For all this vast and sparkling intellectual production, though, we hear
surprisingly little about what it's like to be managed. Perhaps the
reason for this is because, when viewed from below, all the glittering, dazzling
theories of management seem to come down to the same ugly thing. This is the
lesson that Barbara Ehrenreich learns from the series
of low-wage jobs that she works and then describes in all their bitter detail
in her new book, Nickel and Dimed. Pious
chatter about "free agents" and "empowered workers" may
illuminate the covers of Fast Company and Business 2.0, but what
strikes one most forcefully about the world of waitresses, maids, and Wal-Mart
workers that Ehrenreich enters is the overwhelming
power of management, the intimidating array of advantages it holds in its
endless war on wages. This is a place where even jobs like housecleaning have
been Taylorized to extract maximum output from
workers ("You know, all this was figured out with a stopwatch," Ehrenreich is told by a proud manager at a maid service),
where omnipresent personality and drug tests screen out those of assertive
nature, where even the lowliest of employees are overseen by professional-grade
hierarchs who crack the whip without remorse or relent, where workers are
cautioned against "stealing time" from their employer by thinking
about anything other than their immediate task, and where every bit of legal,
moral, psychological, and anthropological guile available to advanced civilization
is deployed to prevent the problem of pay from ever impeding the upward curve
of profitability. This is the real story of life under markets.

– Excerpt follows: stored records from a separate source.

(* Let $(\mu,\varphi,\omega^*,\omega^\varepsilon)\in\mathbb F^\times\times\mathbb F^3$. For any $\kappa,\lambda,c\in\mathbb F^\times$, the quadruple $(\kappa\lambda,\mu\lambda,c,\lambda)$ is feasible for $(\mu,\varphi,\omega^*,\omega^\varepsilon)$ if and only if: (i) $\kappa$ is a root of $\frac{x^4}{\mu q}-\frac{\omega^\varepsilon+q^{-1}\varphi}{q+q^{-1}}x^3+(\omega^*-\mu q^{-1}-\mu^{-1}q)x^2-\frac{\omega^\varepsilon-q\varphi}{q+q^{-1}}x+\mu q$; (ii) $\lambda$ is a root of $\kappa\mu q x^6+\left(\kappa^{-1}\mu q-\frac{\omega^\varepsilon-q\varphi}{q+q^{-1}}\right)x^4+\left(\frac{\omega^\varepsilon+q^{-1}\varphi}{q+q^{-1}}-\kappa\mu^{-1}q^{-1}\right)x^2-\frac{1}{\kappa\mu q}$; (iii) $c$ is a root of $x^2-rx+1$, where $r=\frac{\varphi+(\kappa\lambda+\kappa^{-1}\lambda^{-1})(\mu\lambda q-\mu^{-1}\lambda^{-1}q^{-1})}{\lambda-\lambda^{-1}}$ if $\lambda^2\ne1$ and $r=\frac{\omega^\varepsilon-(\kappa\lambda+\kappa^{-1}\lambda^{-1})(\mu\lambda+\mu^{-1}\lambda^{-1})}{\lambda q+\lambda^{-1}q^{-1}}$ if $\lambda^2=1$.
   Context: $\mathbb F$ is an algebraically closed field and $q\in\mathbb F^\times$ is a root of unity of order $d\notin\{1,2,4\}$ (so $q^4\ne1$). For $(a,b,c,\lambda)\in(\mathbb F^\times)^4$ and $(\mu,\varphi,\omega^*,\omega^\varepsilon)\in\mathbb F^\times\times\mathbb F^3$, $(a,b,c,\lambda)$ is called feasible for $(\mu,\varphi,\omega^*,\omega^\varepsilon)$ if $\mu=b\lambda^{-1}$, $\varphi=(c+c^{-1})(\lambda-\lambda^{-1})-(a+a^{-1})(bq-b^{-1}q^{-1})$, $\omega^*=(c+c^{-1})(a+a^{-1})+(b+b^{-1})(\lambda q+\lambda^{-1}q^{-1})$, and $\omega^\varepsilon=(a+a^{-1})(b+b^{-1})+(c+c^{-1})(\lambda q+\lambda^{-1}q^{-1})$. *)

theory Defs
  imports "HOL-Computational_Algebra.Polynomial"
begin

definition alg_closed_field :: "'a::field itself \<Rightarrow> bool" where
  "alg_closed_field _ \<longleftrightarrow> (\<forall>p :: 'a poly. degree p \<ge> 1 \<longrightarrow> (\<exists>x. poly p x = 0))"

definition root_of_unity_order :: "'a::field \<Rightarrow> nat \<Rightarrow> bool" where
  "root_of_unity_order q d \<longleftrightarrow> d > 0 \<and> q ^ d = 1 \<and> (\<forall>k. 0 < k \<and> k < d \<longrightarrow> q ^ k \<noteq> 1)"

definition feasible :: "'a::field \<Rightarrow> 'a \<Rightarrow> 'a \<Rightarrow> 'a \<Rightarrow> 'a \<Rightarrow> 'a \<Rightarrow> 'a \<Rightarrow> 'a \<Rightarrow> 'a \<Rightarrow> bool" where
  "feasible q a b c lam mu phi wS wE \<longleftrightarrow>
     mu = b * inverse lam \<and>
     phi = (c + inverse c) * (lam - inverse lam) - (a + inverse a) * (b * q - inverse b * inverse q) \<and>
     wS = (c + inverse c) * (a + inverse a) + (b + inverse b) * (lam * q + inverse lam * inverse q) \<and>
     wE = (a + inverse a) * (b + inverse b) + (c + inverse c) * (lam * q + inverse lam * inverse q)"

end

theory Submission
  imports Defs
begin

text \<open>
  Write \<open>A = a + a\<^sup>-\<^sup>1\<close>, \<open>B = b + b\<^sup>-\<^sup>1\<close>, \<open>C = c + c\<^sup>-\<^sup>1\<close> with \<open>a = \<kappa>\<lambda>\<close>,
  \<open>b = \<mu>\<lambda>\<close>. The coordinates \<open>U = (\<omega>\<^sup>\<epsilon> + q\<^sup>-\<^sup>1\<phi>)/(q + q\<^sup>-\<^sup>1)\<close>,
  \<open>V = (\<omega>\<^sup>\<epsilon> - q\<phi>)/(q + q\<^sup>-\<^sup>1)\<close> invert \<open>\<phi> = U - V\<close>, \<open>\<omega>\<^sup>\<epsilon> = qU + V/q\<close>, and in them the
  \<open>\<phi>\<close>- and \<open>\<omega>\<^sup>\<epsilon>\<close>-equations of feasibility decouple into \<open>U = C\<lambda> + A/(bq)\<close> and
  \<open>V = C/\<lambda> + Abq\<close>. Let \<open>u, v, s\<close> be the residuals of these two equations and of the
  \<open>\<omega>\<^sup>*\<close>-equation. Identically in \<open>C\<close>, the quartic in \<open>\<kappa>\<close> is \<open>\<kappa>\<^sup>2s - \<kappa>\<^sup>3u - \<kappa>v\<close> and the
  sextic in \<open>\<lambda>\<close> is \<open>\<lambda>\<^sup>2(u - \<lambda>\<^sup>2v)\<close>, while the quadratic in \<open>c\<close> says that \<open>C\<close> solves the
  \<open>\<phi>\<close>-equation, or the \<open>\<omega>\<^sup>\<epsilon>\<close>-equation when \<open>\<lambda>\<^sup>2 = 1\<close> kills the coefficient of \<open>C\<close> in
  the former. Both sides of the theorem thus describe linear systems in \<open>u, v, s\<close>, and these
  are equivalent since \<open>q + q\<^sup>-\<^sup>1 \<noteq> 0\<close>. This is the only use of \<open>q\<^sup>4 \<noteq> 1\<close>.
\<close>

lemma root_of_unity_order_nonzero:
  assumes "root_of_unity_order q d"
  shows "q \<noteq> 0"
  using assms unfolding root_of_unity_order_def by (metis power_0_left zero_neq_one)

lemma root_of_unity_order_power_eq_1_iff:
  assumes "root_of_unity_order q d"
  shows "q ^ k = 1 \<longleftrightarrow> d dvd k"
proof
  have d: "d > 0" "q ^ d = 1" "\<And>j. 0 < j \<Longrightarrow> j < d \<Longrightarrow> q ^ j \<noteq> 1"
    using assms unfolding root_of_unity_order_def by auto
  assume "q ^ k = 1"
  have "q ^ k = q ^ (d * (k div d) + k mod d)" by simp
  also have "\<dots> = (q ^ d) ^ (k div d) * q ^ (k mod d)"
    by (simp only: power_add power_mult)
  finally have "q ^ k = q ^ (k mod d)" using d(2) by simp
  with \<open>q ^ k = 1\<close> have "q ^ (k mod d) = 1" by simp
  then have "k mod d = 0" using d(1,3) mod_less_divisor by blast
  then show "d dvd k" by auto
next
  assume "d dvd k"
  then show "q ^ k = 1"
    using assms unfolding root_of_unity_order_def by (auto simp: power_mult)
qed

lemma root_of_unity_order_power4_neq_1:
  assumes "root_of_unity_order q d" and "d \<notin> {1, 2, 4}"
  shows "q ^ 4 \<noteq> 1"
proof
  assume "q ^ 4 = 1"
  then have "d dvd 4" using assms(1) root_of_unity_order_power_eq_1_iff by blast
  then have "d \<le> 4" and "d \<noteq> 0" and "d \<noteq> 3" by (auto dest: dvd_imp_le intro!: Nat.gr0I)
  then have "d \<in> {1, 2, 4}" by auto
  then show False using assms(2) by blast
qed

lemma add_inverse_neq_0:
  fixes q :: "'a::field"
  assumes "q \<noteq> 0" and "q ^ 4 \<noteq> 1"
  shows "q + inverse q \<noteq> 0"
proof
  assume "q + inverse q = 0"
  then have "q ^ 2 = -1"
    using assms(1) by (simp add: field_simps power2_eq_square eq_neg_iff_add_eq_0)
  then have "q ^ 4 = 1"
    using power_mult[of q 2 2] by simp
  then show False using assms(2) by blast
qed

lemma quadratic_reciprocal_root_iff:
  fixes c r :: "'a::field"
  assumes "c \<noteq> 0"
  shows "c ^ 2 - r * c + 1 = 0 \<longleftrightarrow> c + inverse c = r"
proof -
  have "c ^ 2 - r * c + 1 = c * (c + inverse c - r)"
    using assms by (simp add: field_simps power2_eq_square)
  then show ?thesis using assms by simp
qed

lemma diff_twisted_sum_inverse:
  fixes q phi w :: "'a::field"
  assumes "q \<noteq> 0" and "q + inverse q \<noteq> 0"
  defines "U \<equiv> (w + inverse q * phi) / (q + inverse q)"
    and "V \<equiv> (w - q * phi) / (q + inverse q)"
  shows "phi = U - V" and "w = q * U + V / q"
proof -
  have hU: "U * (q + inverse q) = w + inverse q * phi"
    and hV: "V * (q + inverse q) = w - q * phi"
    using assms(2) by (simp_all add: U_def V_def)
  have "(U - V) * (q + inverse q) = phi * (q + inverse q)"
    unfolding left_diff_distrib hU hV by (simp add: algebra_simps)
  moreover have "(q * U + V / q) * (q + inverse q) = q * (U * (q + inverse q)) + V * (q + inverse q) / q"
    by (simp add: distrib_right mult.assoc)
  then have "(q * U + V / q) * (q + inverse q) = w * (q + inverse q)"
    unfolding hU hV using assms(1) by (simp add: field_simps)
  ultimately show "phi = U - V" and "w = q * U + V / q"
    using assms(2) by simp_all
qed

lemma feasible_residuals_split:
  fixes q b lam phi w A C :: "'a::field"
  assumes "q \<noteq> 0" and "q + inverse q \<noteq> 0" and "b \<noteq> 0" and "lam \<noteq> 0"
  defines "u \<equiv> (w + inverse q * phi) / (q + inverse q) - (C * lam + A / (b * q))"
    and "v \<equiv> (w - q * phi) / (q + inverse q) - (C / lam + A * b * q)"
  shows "phi - (C * (lam - inverse lam) - A * (b * q - inverse b * inverse q)) = u - v"
    and "w - (A * (b + inverse b) + C * (lam * q + inverse lam * inverse q)) = q * u + v / q"
proof -
  define U where "U = (w + inverse q * phi) / (q + inverse q)"
  define V where "V = (w - q * phi) / (q + inverse q)"
  have "phi = U - V" and "w = q * U + V / q"
    using diff_twisted_sum_inverse [OF assms(1,2)] unfolding U_def V_def by blast+
  moreover have "C * (lam - inverse lam) - A * (b * q - inverse b * inverse q)
      = (C * lam + A / (b * q)) - (C / lam + A * b * q)"
    and "A * (b + inverse b) + C * (lam * q + inverse lam * inverse q)
      = q * (C * lam + A / (b * q)) + (C / lam + A * b * q) / q"
    using assms(1,3,4) by (simp_all add: field_simps)
  ultimately show "phi - (C * (lam - inverse lam) - A * (b * q - inverse b * inverse q)) = u - v"
    and "w - (A * (b + inverse b) + C * (lam * q + inverse lam * inverse q)) = q * u + v / q"
    unfolding u_def v_def U_def [symmetric] V_def [symmetric]
    by (simp_all add: algebra_simps diff_divide_distrib)
qed

lemma eq_solution_of_phi_or_omega_iff:
  fixes q lam phi w A B C M :: "'a::field"
  assumes "q \<noteq> 0" and "q + inverse q \<noteq> 0" and "lam \<noteq> 0"
  shows "C = (if lam ^ 2 \<noteq> 1 then (phi + A * M) / (lam - inverse lam)
               else (w - A * B) / (lam * q + inverse lam * inverse q)) \<longleftrightarrow>
    (if lam ^ 2 \<noteq> 1 then phi = C * (lam - inverse lam) - A * M
     else w = A * B + C * (lam * q + inverse lam * inverse q))"
proof (cases "lam ^ 2 = 1")
  case True
  then have "inverse lam = lam"
    using assms(3) by (simp add: power2_eq_square inverse_unique)
  then have "lam * q + inverse lam * inverse q = lam * (q + inverse q)"
    by (simp add: distrib_left)
  then have "lam * q + inverse lam * inverse q \<noteq> 0"
    using assms(2,3) by simp
  then show ?thesis using True by (auto simp: eq_divide_eq algebra_simps)
next
  case False
  then have "lam - inverse lam \<noteq> 0"
    using assms(3) by (auto simp: power2_eq_square field_simps)
  then show ?thesis using False by (auto simp: eq_divide_eq algebra_simps)
qed

lemma residual_system_iff:
  fixes q k l u v s d1 d2 :: "'a::field"
  assumes "q \<noteq> 0" and "q + inverse q \<noteq> 0" and "k \<noteq> 0" and "l \<noteq> 0"
    and "d2 = u - v" and "d1 = q * u + v / q"
  shows "d1 = 0 \<and> d2 = 0 \<and> s = 0 \<longleftrightarrow>
    k ^ 2 * s - k ^ 3 * u - k * v = 0 \<and> l ^ 2 * (u - l ^ 2 * v) = 0 \<and>
    (if l ^ 2 \<noteq> 1 then d2 = 0 else d1 = 0)"
    (is "?vanish \<longleftrightarrow> ?system")
proof -
  have d1: "d1 = v * (q + inverse q)" if "u = v"
    using that assms(1,6) by (simp add: field_simps)
  show ?thesis
  proof
    assume ?vanish
    then have "u = v" using assms(5) by simp
    moreover from this have "v = 0" using \<open>?vanish\<close> d1 assms(2) by simp
    ultimately show ?system using \<open>?vanish\<close> by simp
  next
    assume ?system
    then have u: "u = l ^ 2 * v" using assms(4) by simp
    have "v = 0"
    proof (cases "l ^ 2 = 1")
      case True
      then show ?thesis using \<open>?system\<close> u d1 assms(2) by simp
    next
      case False
      then have "(l ^ 2 - 1) * v = 0"
        using \<open>?system\<close> u assms(5) by (simp add: algebra_simps)
      then show ?thesis using False by simp
    qed
    moreover from this have "u = 0" and "s = 0" using \<open>?system\<close> u assms(3) by simp_all
    ultimately show ?vanish using assms(5,6) by simp
  qed
qed

theorem theorem5p1:
  fixes q mu phi wS wE \<kappa> lam c :: "'a::field"
    and d :: nat
  assumes "alg_closed_field TYPE('a)"
    and "root_of_unity_order q d" and "d \<notin> {1, 2, 4}"
    and "mu \<noteq> 0" and "\<kappa> \<noteq> 0" and "lam \<noteq> 0" and "c \<noteq> 0"
  shows "feasible q (\<kappa> * lam) (mu * lam) c lam mu phi wS wE \<longleftrightarrow>
    ( \<kappa> ^ 4 / (mu * q)
        - (wE + inverse q * phi) / (q + inverse q) * \<kappa> ^ 3
        + (wS - mu * inverse q - inverse mu * q) * \<kappa> ^ 2
        - (wE - q * phi) / (q + inverse q) * \<kappa>
        + mu * q = 0 \<and>
      \<kappa> * mu * q * lam ^ 6
        + (inverse \<kappa> * mu * q - (wE - q * phi) / (q + inverse q)) * lam ^ 4
        + ((wE + inverse q * phi) / (q + inverse q) - \<kappa> * inverse mu * inverse q) * lam ^ 2
        - 1 / (\<kappa> * mu * q) = 0 \<and>
      (let r = (if lam ^ 2 \<noteq> 1
                then (phi + (\<kappa> * lam + inverse \<kappa> * inverse lam) *
                        (mu * lam * q - inverse mu * inverse lam * inverse q)) / (lam - inverse lam)
                else (wE - (\<kappa> * lam + inverse \<kappa> * inverse lam) *
                        (mu * lam + inverse mu * inverse lam)) / (lam * q + inverse lam * inverse q))
       in c ^ 2 - r * c + 1 = 0))"
proof -
  have q: "q \<noteq> 0" "q + inverse q \<noteq> 0"
    using assms(2,3) root_of_unity_order_nonzero root_of_unity_order_power4_neq_1 add_inverse_neq_0
    by blast+
  define A where "A = \<kappa> * lam + inverse \<kappa> * inverse lam"
  define B where "B = mu * lam + inverse mu * inverse lam"
  define C where "C = c + inverse c"
  define L where "L = lam * q + inverse lam * inverse q"
  define M where "M = mu * lam * q - inverse mu * inverse lam * inverse q"
  define U where "U = (wE + inverse q * phi) / (q + inverse q)"
  define V where "V = (wE - q * phi) / (q + inverse q)"
  define u where "u = U - (C * lam + A / (mu * lam * q))"
  define v where "v = V - (C / lam + A * (mu * lam) * q)"
  define s where "s = wS - (C * A + B * L)"
  define D1 where "D1 = wE - (A * B + C * L)"
  define D2 where "D2 = phi - (C * (lam - inverse lam) - A * M)"
  have D: "D2 = u - v" "D1 = q * u + v / q"
    using feasible_residuals_split [where b = "mu * lam" and A = A and C = C, OF q] assms(4,6)
    unfolding D1_def D2_def u_def v_def U_def V_def B_def L_def M_def by simp_all
  have feasible: "feasible q (\<kappa> * lam) (mu * lam) c lam mu phi wS wE \<longleftrightarrow> D1 = 0 \<and> D2 = 0 \<and> s = 0"
    unfolding feasible_def D1_def D2_def s_def A_def B_def C_def L_def M_def
    using assms(6) by (auto simp: algebra_simps)
  have quartic: "\<kappa> ^ 4 / (mu * q) - U * \<kappa> ^ 3 + (wS - mu * inverse q - inverse mu * q) * \<kappa> ^ 2
      - V * \<kappa> + mu * q = \<kappa> ^ 2 * s - \<kappa> ^ 3 * u - \<kappa> * v"
    unfolding s_def u_def v_def A_def B_def L_def using assms(4-6) q(1)
    by (simp add: field_simps eval_nat_numeral)
  have sextic: "\<kappa> * mu * q * lam ^ 6 + (inverse \<kappa> * mu * q - V) * lam ^ 4
      + (U - \<kappa> * inverse mu * inverse q) * lam ^ 2 - 1 / (\<kappa> * mu * q) = lam ^ 2 * (u - lam ^ 2 * v)"
    unfolding u_def v_def A_def using assms(4-6) q(1)
    by (simp add: field_simps eval_nat_numeral)
  define r where "r = (if lam ^ 2 \<noteq> 1 then (phi + A * M) / (lam - inverse lam) else (wE - A * B) / L)"
  have quadratic: "c ^ 2 - r * c + 1 = 0 \<longleftrightarrow> (if lam ^ 2 \<noteq> 1 then D2 = 0 else D1 = 0)"
    using quadratic_reciprocal_root_iff [OF assms(7)] eq_solution_of_phi_or_omega_iff [OF q assms(6)]
    unfolding r_def D1_def D2_def C_def L_def by simp
  show ?thesis
    using residual_system_iff [OF q assms(5,6) D, of s] feasible quartic sextic quadratic
    unfolding r_def U_def V_def A_def B_def L_def M_def Let_def by simp
qed

end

But the point where all the "New Economy" glory and promise really
start to suck, where all the vaunted choice and empowerment of free markets are
revealed as so many creaking stage devices, is when Ehrenreich
takes on the shiniest of all the Nineties myths-productivity. With the country
as close to full employment as it has ever been in 1999 and 2000, wages did not
increase as much as standard economic theory held they ought. Among the devout
this was cause for great rejoicing: Through a titanic national effort we had
detached productivity from wages, handing the gains over to owners and
shareholders instead. But this was less a "choice" that Americans
consciously made than it was, as Ehrenreich makes
undeniably evident, the simple triumph of the nation's managers, always
encouraging employees to think of themselves as stakeholders or team members
even as they unilaterally dictate every aspect of the work experience.
The social panorama that Ehrenreich describes should
stand as an eternal shrine to the god that sucked: Slum housing that is only
affordable if workers take on two jobs at once; exhausted maids eating packages
of hot-dog buns for their meals; women in their twenties so enfeebled by this
regimen that they can no longer lift the vacuum cleaners that the maid service
demands they carry about on their backs; purse searches, drug tests,
personality tests, corporate pep rallies. Were we not so determined to worship
the market and its boogie-boarding billionaires, Ehrenreich
suggests, we might even view their desperate, spent employees as
philanthropists of a sort, giving selflessly of their well-being so that the
comfortable might live even more comfortably. "They neglect their own
children so that the children of others will be cared for," she writes;
"they live in substandard housing so that other homes will be shiny and
perfect; they endure privation so that inflation will be low and stock prices
high."
These are the fruits of thirty years of culture war. Hell-bent to get
government off our backs, you installed a tyrant infinitely better equipped to
suck the joy out of life. Cuckoo to get God back in the schools, you enshrined
a god of unappeasable malice. Raging against the snobs, you enthroned a rum
bunch of two-fisted boodlers, upper-class twits, and
hang-em-high moralists. Ain't
irony grand.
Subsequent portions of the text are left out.